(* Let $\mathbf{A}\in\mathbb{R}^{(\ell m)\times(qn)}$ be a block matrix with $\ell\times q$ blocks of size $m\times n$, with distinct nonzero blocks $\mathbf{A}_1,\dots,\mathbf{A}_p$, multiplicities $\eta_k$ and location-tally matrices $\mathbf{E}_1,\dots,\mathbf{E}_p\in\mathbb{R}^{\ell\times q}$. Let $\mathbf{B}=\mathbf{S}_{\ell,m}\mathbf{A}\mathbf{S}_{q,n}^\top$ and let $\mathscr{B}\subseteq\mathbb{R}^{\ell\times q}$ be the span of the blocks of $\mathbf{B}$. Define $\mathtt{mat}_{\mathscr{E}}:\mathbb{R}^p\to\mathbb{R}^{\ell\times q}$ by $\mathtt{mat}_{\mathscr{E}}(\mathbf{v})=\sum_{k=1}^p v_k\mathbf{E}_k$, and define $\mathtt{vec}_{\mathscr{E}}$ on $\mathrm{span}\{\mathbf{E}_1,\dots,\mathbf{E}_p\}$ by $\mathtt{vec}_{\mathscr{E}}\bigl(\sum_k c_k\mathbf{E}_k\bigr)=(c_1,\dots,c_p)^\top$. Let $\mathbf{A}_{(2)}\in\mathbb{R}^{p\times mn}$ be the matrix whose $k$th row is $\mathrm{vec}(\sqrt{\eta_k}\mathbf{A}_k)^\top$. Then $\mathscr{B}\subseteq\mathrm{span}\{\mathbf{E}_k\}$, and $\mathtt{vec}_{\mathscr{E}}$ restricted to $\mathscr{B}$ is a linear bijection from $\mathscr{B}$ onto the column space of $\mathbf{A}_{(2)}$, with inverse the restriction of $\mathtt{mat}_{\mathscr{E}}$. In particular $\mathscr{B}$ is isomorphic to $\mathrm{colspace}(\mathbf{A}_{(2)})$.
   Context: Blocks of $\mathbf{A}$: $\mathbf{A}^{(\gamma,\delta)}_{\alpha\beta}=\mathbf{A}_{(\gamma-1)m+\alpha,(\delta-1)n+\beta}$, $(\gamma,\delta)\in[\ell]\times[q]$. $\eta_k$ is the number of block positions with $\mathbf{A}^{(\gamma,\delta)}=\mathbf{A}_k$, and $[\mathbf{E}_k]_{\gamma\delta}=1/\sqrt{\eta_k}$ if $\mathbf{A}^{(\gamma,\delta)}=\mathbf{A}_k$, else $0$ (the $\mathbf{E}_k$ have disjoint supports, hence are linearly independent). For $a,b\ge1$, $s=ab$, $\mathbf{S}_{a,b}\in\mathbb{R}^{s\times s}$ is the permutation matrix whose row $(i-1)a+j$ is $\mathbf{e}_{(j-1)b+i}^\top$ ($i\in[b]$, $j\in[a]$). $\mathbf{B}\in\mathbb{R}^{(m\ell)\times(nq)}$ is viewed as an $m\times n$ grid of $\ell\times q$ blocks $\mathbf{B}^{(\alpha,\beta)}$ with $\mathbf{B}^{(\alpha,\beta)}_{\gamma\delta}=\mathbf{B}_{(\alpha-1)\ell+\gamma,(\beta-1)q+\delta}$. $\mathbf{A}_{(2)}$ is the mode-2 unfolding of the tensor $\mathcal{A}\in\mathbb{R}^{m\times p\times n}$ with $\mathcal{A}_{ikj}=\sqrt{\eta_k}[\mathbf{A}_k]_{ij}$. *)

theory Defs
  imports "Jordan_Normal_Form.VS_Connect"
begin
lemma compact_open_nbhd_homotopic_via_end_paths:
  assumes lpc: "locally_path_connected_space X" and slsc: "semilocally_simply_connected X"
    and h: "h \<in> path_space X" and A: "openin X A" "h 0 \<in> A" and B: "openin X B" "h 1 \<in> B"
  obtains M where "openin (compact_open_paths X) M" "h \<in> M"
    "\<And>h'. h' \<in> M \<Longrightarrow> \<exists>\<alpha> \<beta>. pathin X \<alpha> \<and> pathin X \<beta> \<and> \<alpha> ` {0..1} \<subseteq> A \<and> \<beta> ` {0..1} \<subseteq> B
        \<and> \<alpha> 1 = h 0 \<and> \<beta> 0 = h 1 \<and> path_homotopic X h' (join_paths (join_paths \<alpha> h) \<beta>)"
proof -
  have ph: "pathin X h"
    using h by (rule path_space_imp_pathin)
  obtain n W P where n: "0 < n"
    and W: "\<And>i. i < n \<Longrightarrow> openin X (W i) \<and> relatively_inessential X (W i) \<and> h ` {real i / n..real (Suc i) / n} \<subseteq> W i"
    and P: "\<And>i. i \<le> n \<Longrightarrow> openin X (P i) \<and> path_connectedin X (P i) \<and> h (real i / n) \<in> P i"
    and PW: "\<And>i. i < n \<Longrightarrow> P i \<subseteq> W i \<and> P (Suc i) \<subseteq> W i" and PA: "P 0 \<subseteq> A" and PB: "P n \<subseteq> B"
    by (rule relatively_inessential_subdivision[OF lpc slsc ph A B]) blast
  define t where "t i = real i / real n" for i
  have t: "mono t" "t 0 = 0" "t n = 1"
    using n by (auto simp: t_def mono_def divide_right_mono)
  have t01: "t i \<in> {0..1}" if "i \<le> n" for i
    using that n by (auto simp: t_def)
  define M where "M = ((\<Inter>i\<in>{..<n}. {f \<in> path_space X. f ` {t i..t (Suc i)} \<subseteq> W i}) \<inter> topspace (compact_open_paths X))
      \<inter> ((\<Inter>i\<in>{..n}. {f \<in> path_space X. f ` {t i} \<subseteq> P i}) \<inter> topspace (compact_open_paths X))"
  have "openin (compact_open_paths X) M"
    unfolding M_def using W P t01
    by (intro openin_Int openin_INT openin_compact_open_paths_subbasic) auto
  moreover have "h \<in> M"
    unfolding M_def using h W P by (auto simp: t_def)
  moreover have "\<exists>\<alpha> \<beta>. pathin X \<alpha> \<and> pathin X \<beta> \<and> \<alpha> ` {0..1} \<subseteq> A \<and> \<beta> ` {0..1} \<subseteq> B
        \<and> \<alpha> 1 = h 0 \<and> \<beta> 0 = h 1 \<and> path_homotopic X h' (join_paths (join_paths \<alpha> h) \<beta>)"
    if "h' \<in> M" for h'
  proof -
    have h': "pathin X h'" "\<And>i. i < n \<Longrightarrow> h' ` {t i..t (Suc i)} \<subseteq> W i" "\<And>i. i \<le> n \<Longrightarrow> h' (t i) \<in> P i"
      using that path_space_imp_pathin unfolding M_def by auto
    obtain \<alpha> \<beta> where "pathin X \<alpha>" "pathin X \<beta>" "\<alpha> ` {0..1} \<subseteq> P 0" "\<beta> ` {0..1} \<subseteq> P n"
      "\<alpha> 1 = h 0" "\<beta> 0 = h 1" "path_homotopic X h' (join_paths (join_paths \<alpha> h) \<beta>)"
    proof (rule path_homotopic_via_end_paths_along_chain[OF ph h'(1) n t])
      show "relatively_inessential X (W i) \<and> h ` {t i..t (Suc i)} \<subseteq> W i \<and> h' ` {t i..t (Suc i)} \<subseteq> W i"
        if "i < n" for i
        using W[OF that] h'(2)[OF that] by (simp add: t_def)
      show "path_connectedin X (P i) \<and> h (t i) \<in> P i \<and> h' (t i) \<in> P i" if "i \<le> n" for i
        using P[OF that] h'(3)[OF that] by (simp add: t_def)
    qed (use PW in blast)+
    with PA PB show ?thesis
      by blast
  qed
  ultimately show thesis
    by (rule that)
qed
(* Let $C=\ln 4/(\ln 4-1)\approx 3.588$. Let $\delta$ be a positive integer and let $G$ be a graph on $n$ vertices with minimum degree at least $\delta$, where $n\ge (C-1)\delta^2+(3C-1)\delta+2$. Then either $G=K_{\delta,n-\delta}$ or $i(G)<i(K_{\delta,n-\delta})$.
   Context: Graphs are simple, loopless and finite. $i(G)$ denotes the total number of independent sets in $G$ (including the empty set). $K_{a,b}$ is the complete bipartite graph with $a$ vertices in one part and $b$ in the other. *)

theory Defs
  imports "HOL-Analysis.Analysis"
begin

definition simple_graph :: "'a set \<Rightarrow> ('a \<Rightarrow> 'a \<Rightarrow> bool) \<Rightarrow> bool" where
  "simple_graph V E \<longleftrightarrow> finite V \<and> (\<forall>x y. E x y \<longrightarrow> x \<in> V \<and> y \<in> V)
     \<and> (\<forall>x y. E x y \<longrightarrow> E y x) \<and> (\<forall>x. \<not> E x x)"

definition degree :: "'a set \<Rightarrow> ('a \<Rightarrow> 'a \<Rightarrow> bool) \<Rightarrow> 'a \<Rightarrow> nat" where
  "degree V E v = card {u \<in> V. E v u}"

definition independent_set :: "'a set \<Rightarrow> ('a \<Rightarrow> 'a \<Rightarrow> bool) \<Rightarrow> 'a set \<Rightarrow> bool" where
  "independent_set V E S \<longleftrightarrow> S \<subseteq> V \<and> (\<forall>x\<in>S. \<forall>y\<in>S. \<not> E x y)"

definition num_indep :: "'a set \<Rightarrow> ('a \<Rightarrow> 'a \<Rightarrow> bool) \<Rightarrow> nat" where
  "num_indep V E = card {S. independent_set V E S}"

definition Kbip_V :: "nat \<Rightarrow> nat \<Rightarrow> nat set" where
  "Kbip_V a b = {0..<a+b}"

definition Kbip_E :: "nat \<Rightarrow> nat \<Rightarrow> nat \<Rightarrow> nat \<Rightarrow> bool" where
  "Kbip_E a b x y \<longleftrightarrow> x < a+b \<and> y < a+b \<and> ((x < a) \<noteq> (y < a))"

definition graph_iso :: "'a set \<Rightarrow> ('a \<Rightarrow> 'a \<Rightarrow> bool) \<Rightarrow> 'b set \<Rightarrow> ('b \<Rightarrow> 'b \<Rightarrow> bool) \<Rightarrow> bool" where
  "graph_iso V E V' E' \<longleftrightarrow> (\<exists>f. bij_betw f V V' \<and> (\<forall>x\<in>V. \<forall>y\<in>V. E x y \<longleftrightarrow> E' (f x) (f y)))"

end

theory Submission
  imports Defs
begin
- - -
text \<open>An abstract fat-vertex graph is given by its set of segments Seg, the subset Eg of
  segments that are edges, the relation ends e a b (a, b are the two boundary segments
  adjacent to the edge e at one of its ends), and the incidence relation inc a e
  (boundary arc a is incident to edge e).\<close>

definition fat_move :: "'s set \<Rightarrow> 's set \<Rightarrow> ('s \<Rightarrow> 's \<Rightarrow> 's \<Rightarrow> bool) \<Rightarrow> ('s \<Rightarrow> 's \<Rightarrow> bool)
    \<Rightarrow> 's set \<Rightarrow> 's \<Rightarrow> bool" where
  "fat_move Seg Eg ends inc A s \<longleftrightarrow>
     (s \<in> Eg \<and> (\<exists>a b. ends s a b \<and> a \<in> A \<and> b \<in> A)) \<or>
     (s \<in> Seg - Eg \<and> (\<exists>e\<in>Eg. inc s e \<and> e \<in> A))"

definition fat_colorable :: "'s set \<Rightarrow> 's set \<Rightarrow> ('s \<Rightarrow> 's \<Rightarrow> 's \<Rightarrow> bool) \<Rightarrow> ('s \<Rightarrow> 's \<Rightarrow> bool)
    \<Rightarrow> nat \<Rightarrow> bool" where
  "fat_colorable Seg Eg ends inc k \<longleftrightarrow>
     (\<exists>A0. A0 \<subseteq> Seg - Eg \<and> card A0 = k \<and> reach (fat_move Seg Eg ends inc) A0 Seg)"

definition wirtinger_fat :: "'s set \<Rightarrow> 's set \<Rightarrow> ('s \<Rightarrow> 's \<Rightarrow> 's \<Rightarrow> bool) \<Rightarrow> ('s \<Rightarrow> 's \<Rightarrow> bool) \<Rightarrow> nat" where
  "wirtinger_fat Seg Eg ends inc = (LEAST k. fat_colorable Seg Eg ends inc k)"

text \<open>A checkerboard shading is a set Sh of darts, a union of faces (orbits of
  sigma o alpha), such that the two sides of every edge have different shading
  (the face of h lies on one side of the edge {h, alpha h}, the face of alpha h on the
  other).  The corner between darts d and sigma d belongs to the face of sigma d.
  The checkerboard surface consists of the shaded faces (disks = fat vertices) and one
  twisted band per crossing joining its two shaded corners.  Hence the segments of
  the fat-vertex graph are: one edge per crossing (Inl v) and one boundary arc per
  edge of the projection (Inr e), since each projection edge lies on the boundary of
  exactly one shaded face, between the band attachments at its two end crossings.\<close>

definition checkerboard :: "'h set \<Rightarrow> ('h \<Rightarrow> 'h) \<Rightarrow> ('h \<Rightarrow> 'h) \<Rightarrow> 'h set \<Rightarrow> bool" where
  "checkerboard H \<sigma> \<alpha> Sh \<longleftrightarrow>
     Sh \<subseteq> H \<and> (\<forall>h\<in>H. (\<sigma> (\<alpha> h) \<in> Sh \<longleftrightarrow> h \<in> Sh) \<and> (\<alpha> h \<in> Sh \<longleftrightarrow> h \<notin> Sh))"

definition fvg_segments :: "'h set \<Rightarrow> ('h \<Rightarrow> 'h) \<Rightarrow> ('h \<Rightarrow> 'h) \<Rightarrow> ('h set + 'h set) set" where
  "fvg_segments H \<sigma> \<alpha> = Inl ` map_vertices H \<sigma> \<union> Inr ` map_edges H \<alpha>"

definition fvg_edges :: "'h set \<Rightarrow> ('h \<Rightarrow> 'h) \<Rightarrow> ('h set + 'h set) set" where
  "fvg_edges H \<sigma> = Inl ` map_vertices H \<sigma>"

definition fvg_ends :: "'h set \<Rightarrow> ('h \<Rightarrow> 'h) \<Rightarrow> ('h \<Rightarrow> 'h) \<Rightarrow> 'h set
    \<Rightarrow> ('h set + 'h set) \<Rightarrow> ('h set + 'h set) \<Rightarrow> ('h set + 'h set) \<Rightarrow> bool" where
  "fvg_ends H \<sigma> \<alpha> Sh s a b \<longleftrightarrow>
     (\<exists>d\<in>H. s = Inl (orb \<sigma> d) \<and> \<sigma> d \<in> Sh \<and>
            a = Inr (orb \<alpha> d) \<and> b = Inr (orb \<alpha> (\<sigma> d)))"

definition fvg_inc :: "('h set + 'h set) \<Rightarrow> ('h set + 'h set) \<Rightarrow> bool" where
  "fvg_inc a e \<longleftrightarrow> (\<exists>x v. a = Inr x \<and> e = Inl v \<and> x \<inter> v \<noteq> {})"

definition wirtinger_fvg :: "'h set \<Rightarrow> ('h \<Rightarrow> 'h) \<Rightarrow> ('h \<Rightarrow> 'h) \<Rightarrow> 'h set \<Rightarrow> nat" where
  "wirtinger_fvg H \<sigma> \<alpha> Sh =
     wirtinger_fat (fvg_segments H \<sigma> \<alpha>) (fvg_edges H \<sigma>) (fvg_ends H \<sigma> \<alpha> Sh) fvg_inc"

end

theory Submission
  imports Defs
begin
- - -
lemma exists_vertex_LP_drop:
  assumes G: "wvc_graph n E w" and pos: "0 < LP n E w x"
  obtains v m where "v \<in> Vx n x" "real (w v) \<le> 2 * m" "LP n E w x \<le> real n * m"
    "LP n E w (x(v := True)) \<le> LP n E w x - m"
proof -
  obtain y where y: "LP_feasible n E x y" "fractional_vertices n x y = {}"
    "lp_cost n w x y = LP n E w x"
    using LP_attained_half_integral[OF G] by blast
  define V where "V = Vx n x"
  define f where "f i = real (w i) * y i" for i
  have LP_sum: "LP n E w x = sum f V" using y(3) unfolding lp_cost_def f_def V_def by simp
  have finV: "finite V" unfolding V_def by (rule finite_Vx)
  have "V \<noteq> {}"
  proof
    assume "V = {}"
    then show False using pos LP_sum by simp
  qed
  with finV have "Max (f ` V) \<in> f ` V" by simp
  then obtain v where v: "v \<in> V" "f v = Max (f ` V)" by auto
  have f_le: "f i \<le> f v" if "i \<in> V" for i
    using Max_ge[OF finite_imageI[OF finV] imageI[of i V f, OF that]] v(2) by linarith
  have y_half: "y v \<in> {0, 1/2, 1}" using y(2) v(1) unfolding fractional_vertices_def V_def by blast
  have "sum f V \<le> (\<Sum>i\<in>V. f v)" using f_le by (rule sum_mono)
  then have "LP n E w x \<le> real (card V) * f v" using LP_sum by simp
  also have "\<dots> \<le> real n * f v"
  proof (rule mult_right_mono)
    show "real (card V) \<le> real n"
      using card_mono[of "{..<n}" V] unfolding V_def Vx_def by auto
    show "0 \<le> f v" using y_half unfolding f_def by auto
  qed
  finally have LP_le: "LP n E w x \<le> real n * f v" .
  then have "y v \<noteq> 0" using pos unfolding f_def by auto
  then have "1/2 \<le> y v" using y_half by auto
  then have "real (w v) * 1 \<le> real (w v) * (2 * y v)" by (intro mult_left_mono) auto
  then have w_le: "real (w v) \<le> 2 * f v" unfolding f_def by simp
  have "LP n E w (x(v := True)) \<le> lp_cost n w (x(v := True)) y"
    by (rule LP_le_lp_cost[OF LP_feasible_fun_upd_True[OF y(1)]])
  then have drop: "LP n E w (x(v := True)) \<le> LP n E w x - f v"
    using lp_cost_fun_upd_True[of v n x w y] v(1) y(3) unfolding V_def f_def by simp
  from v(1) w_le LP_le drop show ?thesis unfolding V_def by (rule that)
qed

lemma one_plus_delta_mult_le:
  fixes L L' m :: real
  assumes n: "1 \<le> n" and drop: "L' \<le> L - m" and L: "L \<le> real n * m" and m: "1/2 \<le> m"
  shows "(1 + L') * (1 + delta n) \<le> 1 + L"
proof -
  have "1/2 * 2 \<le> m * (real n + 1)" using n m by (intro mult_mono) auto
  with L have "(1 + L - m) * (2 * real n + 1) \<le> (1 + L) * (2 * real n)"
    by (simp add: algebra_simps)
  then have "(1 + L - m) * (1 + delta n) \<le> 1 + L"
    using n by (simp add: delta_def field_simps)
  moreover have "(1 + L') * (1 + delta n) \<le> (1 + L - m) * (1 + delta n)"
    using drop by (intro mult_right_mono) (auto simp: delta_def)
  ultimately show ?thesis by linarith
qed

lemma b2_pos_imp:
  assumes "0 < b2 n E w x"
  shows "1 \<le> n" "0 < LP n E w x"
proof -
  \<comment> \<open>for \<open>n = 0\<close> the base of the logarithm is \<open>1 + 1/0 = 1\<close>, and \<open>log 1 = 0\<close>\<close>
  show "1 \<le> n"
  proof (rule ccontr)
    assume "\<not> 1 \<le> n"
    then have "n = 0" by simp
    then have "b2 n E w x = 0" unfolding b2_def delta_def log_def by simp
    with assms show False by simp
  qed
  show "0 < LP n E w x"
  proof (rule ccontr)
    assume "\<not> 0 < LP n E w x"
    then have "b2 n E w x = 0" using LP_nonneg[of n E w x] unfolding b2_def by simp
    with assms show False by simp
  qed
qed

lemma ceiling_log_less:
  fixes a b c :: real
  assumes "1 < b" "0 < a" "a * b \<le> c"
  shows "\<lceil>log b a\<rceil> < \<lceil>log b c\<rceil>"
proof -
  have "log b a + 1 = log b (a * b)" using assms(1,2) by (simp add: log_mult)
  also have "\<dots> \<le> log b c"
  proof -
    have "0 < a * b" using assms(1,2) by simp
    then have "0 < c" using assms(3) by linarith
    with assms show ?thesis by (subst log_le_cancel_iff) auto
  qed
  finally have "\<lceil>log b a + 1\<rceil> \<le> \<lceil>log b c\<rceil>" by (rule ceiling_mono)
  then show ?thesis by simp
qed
- - -
From the entries above, print the lines beginning at the one with "using LP_sum by simp" and stopping after the one with "using drop by", exactly as written and with nothing else.

> [OUTPUT]
  then have "LP n E w x \<le> real (card V) * f v" using LP_sum by simp
  also have "\<dots> \<le> real n * f v"
  proof (rule mult_right_mono)
    show "real (card V) \<le> real n"
      using card_mono[of "{..<n}" V] unfolding V_def Vx_def by auto
    show "0 \<le> f v" using y_half unfolding f_def by auto
  qed
  finally have LP_le: "LP n E w x \<le> real n * f v" .
  then have "y v \<noteq> 0" using pos unfolding f_def by auto
  then have "1/2 \<le> y v" using y_half by auto
  then have "real (w v) * 1 \<le> real (w v) * (2 * y v)" by (intro mult_left_mono) auto
  then have w_le: "real (w v) \<le> 2 * f v" unfolding f_def by simp
  have "LP n E w (x(v := True)) \<le> lp_cost n w (x(v := True)) y"
    by (rule LP_le_lp_cost[OF LP_feasible_fun_upd_True[OF y(1)]])
  then have drop: "LP n E w (x(v := True)) \<le> LP n E w x - f v"
    using lp_cost_fun_upd_True[of v n x w y] v(1) y(3) unfolding V_def f_def by simp
  from v(1) w_le LP_le drop show ?thesis unfolding V_def by (rule that)
qed

lemma one_plus_delta_mult_le:
  fixes L L' m :: real
  assumes n: "1 \<le> n" and drop: "L' \<le> L - m" and L: "L \<le> real n * m" and m: "1/2 \<le> m"
  shows "(1 + L') * (1 + delta n) \<le> 1 + L"
proof -
  have "1/2 * 2 \<le> m * (real n + 1)" using n m by (intro mult_mono) auto
  with L have "(1 + L - m) * (2 * real n + 1) \<le> (1 + L) * (2 * real n)"
    by (simp add: algebra_simps)
  then have "(1 + L - m) * (1 + delta n) \<le> 1 + L"
    using n by (simp add: delta_def field_simps)
  moreover have "(1 + L') * (1 + delta n) \<le> (1 + L - m) * (1 + delta n)"
    using drop by (intro mult_right_mono) (auto simp: delta_def)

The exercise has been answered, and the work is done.